Fast-forward two years and we find Banks in a completely different place, she no longer makes news and her relationship with Interscope records (and the the industry darling) has turned sour as a result of
 her unyielding social media demeanor.

Although her Twitter beef with the likes of Angel Haze and Iggy Azalea was entertaining, when she defended her right to call Perez Hilton a gay slur, the world started to turn their back on her.

So with fans losing interest due to the two-year delay of her debut record, she also had the the constraints of the label and their indifference to her new tracks to contend with. 

Luckily, Banks managed to escape the ties of her deal with Interscope and she was allowed to leave with all the rights to the songs she recorded whilst under their label.

This allowed her to unleash Broke With Expensive Taste this month to a somewhat muted release compared to the campaign surrounding '212'.

Its release was announced by a simple message on Twitter from Banks herself. We shouldn’t have expected anything else from the clearly frustrated musician. Banks self-released the debut album that was meant to be her initiation into becoming a major force in the pop world. But is there anyone left to care?

The answer is that people should still care about this record.

Its every bit as weird as you would expect, but this is what makes it charming. Never did I think I would be calling Banks charming, but her drive to create what she wants makes her all the more endearing.

The record is a mixture of familiar sounds with new and experimental ones, and this makes it exciting, despite it coming out two years after its initial release date.

The familiar comes in the form of Fantasea mixtape favourite, the garage-hour banger, ‘Luxury’. Alongside this isolated singles such as ‘Young Rapunxel’ and ‘Heavy Metal and Reflective’ have also made the cut.
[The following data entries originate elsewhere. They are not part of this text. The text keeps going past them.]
definition VA :: "nat \<Rightarrow> nat \<Rightarrow> real \<Rightarrow> real \<Rightarrow> (nat \<Rightarrow> nat) \<Rightarrow> (nat \<Rightarrow> real) \<Rightarrow> (nat \<Rightarrow> real)
    \<Rightarrow> nat \<Rightarrow> nat \<Rightarrow> nat \<Rightarrow> nat \<Rightarrow> real" where
  "VA N T a0 b0 xi cp cu i t x k = VA_steps N T a0 b0 xi cp cu i (T - t) x k"

end

theory Submission
  imports Defs "HOL-Probability.Probability"
begin

text \<open>Costs and admissible actions
  separate over the systems, so the minimum of a sum over the product of the action sets is the
  sum of the minima. For the expected cost-to-go, the induction hypothesis writes the continuation
  value as a sum over systems, and the summand of system \<open>i\<close> depends only on \<open>Z i\<close> and the
  total \<open>Z 1 + \<dots> + Z N\<close>. Now \<open>Z i\<close> is independent of the sum of the other \<open>N - 1\<close> components,
  which is \<open>NB((N - 1)(a0 + k), p)\<close> because negative binomial laws with a common \<open>p\<close> are closed
  under convolution; so each summand is the expected continuation of the per-system MDP. All value
  functions are bounded, hence every series involved converges absolutely.\<close>

text \<open>In the Pochhammer form the weights need no case split at \<open>r = 0\<close>.\<close>

definition negbin_weight :: "real \<Rightarrow> real \<Rightarrow> nat \<Rightarrow> real" where
  "negbin_weight r p n = pochhammer r n / fact n * p powr r * (1 - p) ^ n"

lemma nbpmf_eq_negbin_weight:
  assumes "r \<ge> 0" "p > 0"
  shows "nbpmf r p n = negbin_weight r p n"
proof (cases "r = 0")
  case True
  then show ?thesis using assms by (simp add: nbpmf_def negbin_weight_def pochhammer_0_left)
next
  case False
  then have "r \<notin> \<int>\<^sub>\<le>\<^sub>0" using assms by (auto elim!: nonpos_Ints_cases)
  then have "pochhammer r n = Gamma (real n + r) / Gamma r"
    using pochhammer_Gamma[of r n] by (simp add: add.commute)
  then show ?thesis using False by (simp add: nbpmf_def negbin_weight_def)
qed

lemma negbin_weight_nonneg:
  assumes "r \<ge> 0" "p \<le> 1"
  shows "negbin_weight r p n \<ge> 0"
proof -
  have "pochhammer r n \<ge> 0"
    using assms by (cases "r = 0") (auto simp: pochhammer_0_left intro: pochhammer_nonneg)
  then show ?thesis using assms unfolding negbin_weight_def by simp
qed

lemma negbin_weight_sums:
  assumes "r \<ge> 0" "0 < p" "p < 1"
  shows "negbin_weight r p sums 1"
proof -
  have "(\<lambda>n. ((-r) gchoose n) * (p - 1) ^ n) sums (p powr (-r))"
    using gen_binomial_real[of "p - 1" "-r"] assms by simp
  from sums_mult[OF this, of "p powr r"]
  have "(\<lambda>n. p powr r * (((-r) gchoose n) * (p - 1) ^ n)) sums 1"
    using assms by (simp add: powr_minus)
  moreover have "p powr r * (((-r) gchoose n) * (p - 1) ^ n) = negbin_weight r p n" for n
  proof -
    have "(p - 1) ^ n = (-1) ^ n * (1 - p) ^ n" by (simp flip: power_mult_distrib)
    then show ?thesis unfolding negbin_weight_def gbinomial_pochhammer
      by (simp add: field_simps flip: power_mult_distrib)
  qed
  ultimately show ?thesis by simp
qed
Anyone who has followed Banks’ career so far will be familiar with some of the songs on the record, but it is the unfamilar tracks in which the listener can probably sympathise with the label for their uncommercial nature.

Opener ‘Idle Delilah’ explains where some of this dispute may have come from. It is a slow starter with a simple Caribbean drum beat leading into Banks’ vocals.

Some of this album could have lead into the en-vogue indie RnB that FKA Twigs is currently advocating, but luckily Banks keeps the tempo up and after the angelic chorus’ she returns to the rap goddess we all know and love.

Despite the odd raised eyebrow, these are the tracks that show Banks’ true inner creativity.

The experimental opener leads into ‘Gimme A Chance’, an incredibly funky number oozing of 90s hip hop. Her vocals are still firmly rooted in Harlem which keeps Banks’ originality throughout the record, a factor that may have been stripped if she had not left her record label.

This record is as much for her as it is for the fans that have seen it through from the early days. It is something she should be proud to call entirely her own, and I think the industry might just be able to forgive her for the past.